Structural and Functional Virology of Rabies Lyssavirus Proteins

The Rabies lyssavirus (RABV) virion, a prototypical member of the Rhabdoviridae family, exhibits a characteristic bullet-shaped morphology approximately 180 nm in length and 75 nm in diameter. This architecture is the product of a remarkably efficient genetic economy, as the virus encodes only five structural proteins from its single-stranded, negative-sense RNA genome of approximately 12 kilobases. These proteins, the nucleoprotein (N), phosphoprotein (P), matrix protein (M), glycoprotein (G), and the large RNA-dependent RNA polymerase (L), orchestrate a sophisticated life cycle that enables the virus to evade host immunity, invade the peripheral nervous system, and cause a nearly invariably fatal encephalitis [3, 6, 19]. The functional interplay between these proteins, particularly their roles in transcription, replication, assembly, and immune evasion, is central to understanding the pathogenicity of RABV and represents a critical frontier for the development of novel antiviral strategies [1, 7].

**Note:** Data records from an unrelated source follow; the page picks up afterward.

lemma ex_pR_with_component:
  assumes wf: "well_formed I R" and nonempty: "pR n I m R T \<noteq> {}" and v: "v \<in> Vset n"
    and mono: "preceq_mono I R m v F"
    and between: "\<And>a. a \<in> Omega I m v \<Longrightarrow> Lb n I m R T v a \<le> F a \<and> F a \<le> Ub n I m R T v a"
    and observable: "\<And>u. (u, v, Obs) \<in> R \<Longrightarrow> depends_on I m v F u"
  obtains P where "P \<in> pR n I m R T" "\<And>a. a \<in> Omega I m v \<Longrightarrow> P v a = F a"
proof -
  obtain P\<^sub>0 where P\<^sub>0: "P\<^sub>0 \<in> pR n I m R T" using nonempty by blast
  define Q where "Q v' w = (if v' = v \<and> w \<in> Omega I m v then F w else P\<^sub>0 v' w)" for v' w
  have Q_v: "Q v a = F a" if "a \<in> Omega I m v" for a
    using that by (simp add: Q_def)
  have Q_other: "Q v' = P\<^sub>0 v'" if "v' \<noteq> v" for v'
    using that by (simp add: Q_def fun_eq_iff)
  have "Q \<in> Params n I m"
    unfolding Params_def
  proof (intro CollectI allI conjI impI)
    fix v' w assume "v' \<in> Vset n \<and> w \<in> Omega I m v'"
    show "Q v' w \<le> m v'"
    proof (cases "v' = v \<and> w \<in> Omega I m v")
      case True
      then show ?thesis using between[of w] Ub_le[OF nonempty, of v w] by (simp add: Q_def)
    next
      case False
      then have "Q v' w = P\<^sub>0 v' w" by (auto simp: Q_def)
      then show ?thesis using Params_le[OF pR_Params[OF P\<^sub>0]] by simp
    qed
  next
    fix v' w assume "\<not> (v' \<in> Vset n \<and> w \<in> Omega I m v')"
    with v have "Q v' w = P\<^sub>0 v' w" by (auto simp: Q_def)
    with pR_Params[OF P\<^sub>0] \<open>\<not> (v' \<in> Vset n \<and> w \<in> Omega I m v')\<close> show "Q v' w = 0"
      unfolding Params_def by auto
  qed
  moreover have "\<exists>P \<in> pR n I m R T. P v w \<le> Q v w" for w
  proof (cases "w \<in> Omega I m v")
    case True
    obtain P where P: "P \<in> pR n I m R T" "P v w = Lb n I m R T v w" using ex_pR_eq_Lb[OF nonempty] .
    show ?thesis using P(2) True between[of w] Q_v[of w] by (intro bexI[OF _ P(1)]) simp
  next
    case False
    then show ?thesis using P\<^sub>0 by (auto simp: Q_def)
  qed
  moreover have "\<exists>P \<in> pR n I m R T. Q v w \<le> P v w" for w
  proof (cases "w \<in> Omega I m v")
    case True
    obtain P where P: "P \<in> pR n I m R T" "P v w = Ub n I m R T v w" using ex_pR_eq_Ub[OF nonempty] .
    show ?thesis using P(2) True between[of w] Q_v[of w] by (intro bexI[OF _ P(1)]) simp
  next
    case False
    then show ?thesis using P\<^sub>0 by (auto simp: Q_def)
  qed
  moreover have "preceq_mono I R m v (Q v)"
    using mono preceq_mono_cong[where f = "Q v" and g = F] Q_v by blast
  moreover have "depends_on I m v (Q v) u" if "(u, v, Obs) \<in> R" for u
    using observable[OF that] depends_on_cong[OF well_formed_reg[OF wf that], where f = "Q v" and g = F] Q_v by blast
  ultimately have "Q \<in> pR n I m R T"
    using pR_replace_component[OF wf P\<^sub>0 _ Q_other] by blast
  then show thesis using that[of Q] Q_v by blast
qed

section \<open>Envelopes of observations\<close>

text \<open>The bounds l and u of the paper, but with \<preceq>_v in place of \<prec>_v, so that a consistent
  set of observations pins both envelopes to the observed values.\<close>

definition lower_env :: "(nat \<times> nat) set \<Rightarrow> (nat \<times> nat \<times> sgn) set \<Rightarrow> nat \<Rightarrow> ((nat \<Rightarrow> nat) \<Rightarrow> nat)
    \<Rightarrow> ((nat \<Rightarrow> nat) \<times> nat) set \<Rightarrow> (nat \<Rightarrow> nat) \<Rightarrow> nat" where
  "lower_env I R v L Ob a = Max ({k. \<exists>b. (b, k) \<in> Ob \<and> preceq I R v b a} \<union> {L a})"

definition upper_env :: "(nat \<times> nat) set \<Rightarrow> (nat \<times> nat \<times> sgn) set \<Rightarrow> nat \<Rightarrow> ((nat \<Rightarrow> nat) \<Rightarrow> nat)
    \<Rightarrow> ((nat \<Rightarrow> nat) \<times> nat) set \<Rightarrow> (nat \<Rightarrow> nat) \<Rightarrow> nat" where
  "upper_env I R v U Ob a = Min ({k. \<exists>b. (b, k) \<in> Ob \<and> preceq I R v a b} \<union> {U a})"

definition consistent_obs :: "(nat \<times> nat) set \<Rightarrow> (nat \<times> nat \<times> sgn) set \<Rightarrow> nat \<Rightarrow> ((nat \<Rightarrow> nat) \<Rightarrow> nat)
    \<Rightarrow> ((nat \<Rightarrow> nat) \<Rightarrow> nat) \<Rightarrow> ((nat \<Rightarrow> nat) \<times> nat) set \<Rightarrow> bool" where
  "consistent_obs I R v L U Ob \<longleftrightarrow> (\<forall>(a, k) \<in> Ob. L a \<le> k \<and> k \<le> U a) \<and>
     (\<forall>(a, k) \<in> Ob. \<forall>(b, j) \<in> Ob. preceq I R v a b \<longrightarrow> k \<le> j)"

lemma finite_obs_values: "finite Ob \<Longrightarrow> finite ({k. \<exists>b. (b, k) \<in> Ob \<and> P b} \<union> {c})"
  by (rule finite_subset[of _ "snd ` Ob \<union> {c}"]) (auto intro: rev_image_eqI)

lemma lower_env_le_iff:
  "finite Ob \<Longrightarrow> lower_env I R v L Ob a \<le> c \<longleftrightarrow> L a \<le> c \<and> (\<forall>(b, k) \<in> Ob. preceq I R v b a \<longrightarrow> k \<le> c)"
  unfolding lower_env_def by (subst Max_le_iff[OF finite_obs_values]) auto

lemma le_upper_env_iff:
  "finite Ob \<Longrightarrow> c \<le> upper_env I R v U Ob a \<longleftrightarrow> c \<le> U a \<and> (\<forall>(b, k) \<in> Ob. preceq I R v a b \<longrightarrow> c \<le> k)"
  unfolding upper_env_def by (subst Min_ge_iff[OF finite_obs_values]) auto

lemma lo_le_iff:
  "finite Ob \<Longrightarrow> lo n I m R T v a Ob \<le> c \<longleftrightarrow>
     Lb n I m R T v a \<le> c \<and> (\<forall>(b, k) \<in> Ob. prec I R v b a \<longrightarrow> k \<le> c)"
  unfolding lo_def by (subst Max_le_iff[OF finite_obs_values]) auto

lemma le_up_iff:
  "finite Ob \<Longrightarrow> c \<le> up n I m R T v a Ob \<longleftrightarrow>
     c \<le> Ub n I m R T v a \<and> (\<forall>(b, k) \<in> Ob. prec I R v a b \<longrightarrow> c \<le> k)"
  unfolding up_def by (subst Min_ge_iff[OF finite_obs_values]) auto

lemma lo_eq_lower_env:
  assumes "finite Ob" "a \<notin> fst ` Ob"
  shows "lo n I m R T v a Ob = lower_env I R v (Lb n I m R T v) Ob a"
proof -
  have "b \<noteq> a" if "(b, k) \<in> Ob" for b k
    using assms(2) that by (metis fst_conv image_eqI)
  then have "(\<forall>(b, k) \<in> Ob. prec I R v b a \<longrightarrow> k \<le> c) \<longleftrightarrow> (\<forall>(b, k) \<in> Ob. preceq I R v b a \<longrightarrow> k \<le> c)" for c
    unfolding prec_def by blast
  then have "lo n I m R T v a Ob \<le> c \<longleftrightarrow> lower_env I R v (Lb n I m R T v) Ob a \<le> c" for c
    by (simp add: lo_le_iff[OF assms(1)] lower_env_le_iff[OF assms(1)])
  then show ?thesis by (meson order_antisym order_refl)
qed

lemma up_eq_upper_env:
  assumes "finite Ob" "a \<notin> fst ` Ob"
  shows "up n I m R T v a Ob = upper_env I R v (Ub n I m R T v) Ob a"
proof -
  have "b \<noteq> a" if "(b, k) \<in> Ob" for b k
    using assms(2) that by (metis fst_conv image_eqI)
  then have "(\<forall>(b, k) \<in> Ob. prec I R v a b \<longrightarrow> c \<le> k) \<longleftrightarrow> (\<forall>(b, k) \<in> Ob. preceq I R v a b \<longrightarrow> c \<le> k)" for c
    unfolding prec_def by blast
  then have "c \<le> up n I m R T v a Ob \<longleftrightarrow> c \<le> upper_env I R v (Ub n I m R T v) Ob a" for c
    by (simp add: le_up_iff[OF assms(1)] le_upper_env_iff[OF assms(1)])
  then show ?thesis by (meson order_antisym order_refl)
qed

lemma lower_env_ge:
  assumes "finite Ob"
  shows "L a \<le> lower_env I R v L Ob a" "(b, k) \<in> Ob \<Longrightarrow> preceq I R v b a \<Longrightarrow> k \<le> lower_env I R v L Ob a"
  using lower_env_le_iff[OF assms, of I R v L a "lower_env I R v L Ob a"] by auto

lemma upper_env_le:
  assumes "finite Ob"
  shows "upper_env I R v U Ob a \<le> U a" "(b, k) \<in> Ob \<Longrightarrow> preceq I R v a b \<Longrightarrow> upper_env I R v U Ob a \<le> k"
  using le_upper_env_iff[OF assms, of "upper_env I R v U Ob a" I R v U a] by auto

lemma lower_env_obs:
  assumes "finite Ob" "consistent_obs I R v L U Ob" "(a, k) \<in> Ob"
  shows "lower_env I R v L Ob a = k"
proof (rule order_antisym)
  show "lower_env I R v L Ob a \<le> k"
    using assms unfolding lower_env_le_iff[OF assms(1)] consistent_obs_def by blast
  show "k \<le> lower_env I R v L Ob a"
    using lower_env_ge(2)[OF assms(1) assms(3) preceq_refl] .
qed

lemma upper_env_obs:
  assumes "finite Ob" "consistent_obs I R v L U Ob" "(a, k) \<in> Ob"
  shows "upper_env I R v U Ob a = k"
proof (rule order_antisym)
  show "k \<le> upper_env I R v U Ob a"
    using assms unfolding le_upper_env_iff[OF assms(1)] consistent_obs_def by blast
  show "upper_env I R v U Ob a \<le> k"
    using upper_env_le(2)[OF assms(1) assms(3) preceq_refl] .
qed

lemma lower_env_preceq_mono:
  assumes "finite Ob" "preceq_mono I R m v L"
  shows "preceq_mono I R m v (lower_env I R v L Ob)"
  unfolding preceq_mono_def
proof (intro ballI impI)
  fix a b assume ab: "a \<in> Omega I m v" "b \<in> Omega I m v" "preceq I R v a b"
  have "L a \<le> lower_env I R v L Ob b"
    using preceq_monoD[OF assms(2) ab] lower_env_ge(1)[OF assms(1), where I = I and R = R and v = v and L = L and a = b] by simp
  moreover have "k \<le> lower_env I R v L Ob b" if "(c, k) \<in> Ob" "preceq I R v c a" for c k
    using lower_env_ge(2)[OF assms(1) that(1) preceq_trans[OF that(2) ab(3)]] .
  ultimately show "lower_env I R v L Ob a \<le> lower_env I R v L Ob b"
    unfolding lower_env_le_iff[OF assms(1)] by blast
qed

The Glycoprotein (G): The Master Key for Entry and the Prime Immunological Target

The RABV glycoprotein (G) is the most extensively studied of the five viral proteins, owing to its dual role in mediating host cell entry and serving as the primary target for the host neutralizing antibody response [9, 40]. The G protein forms trimeric spikes that project from the viral envelope, giving the virion its characteristic surface appearance. Its function is not merely structural; it is the molecular determinant of viral tropism, neuroinvasiveness, and pathogenicity. The G protein mediates attachment to host cell receptors, a process that remains incompletely understood but involves interactions with nicotinic acetylcholine receptors, the neural cell adhesion molecule (NCAM), the low-affinity nerve growth factor receptor (p75NTR), and potentially other molecules [19, 41]. Following receptor binding, the virus is internalized via clathrin-mediated endocytosis. The acidic environment of the endosome triggers a dramatic conformational rearrangement of the G protein, transitioning from its pre-fusion state to a post-fusion state that drives the fusion of the viral envelope with the endosomal membrane, releasing the viral ribonucleocapsid (RNP) complex into the cytoplasm [40].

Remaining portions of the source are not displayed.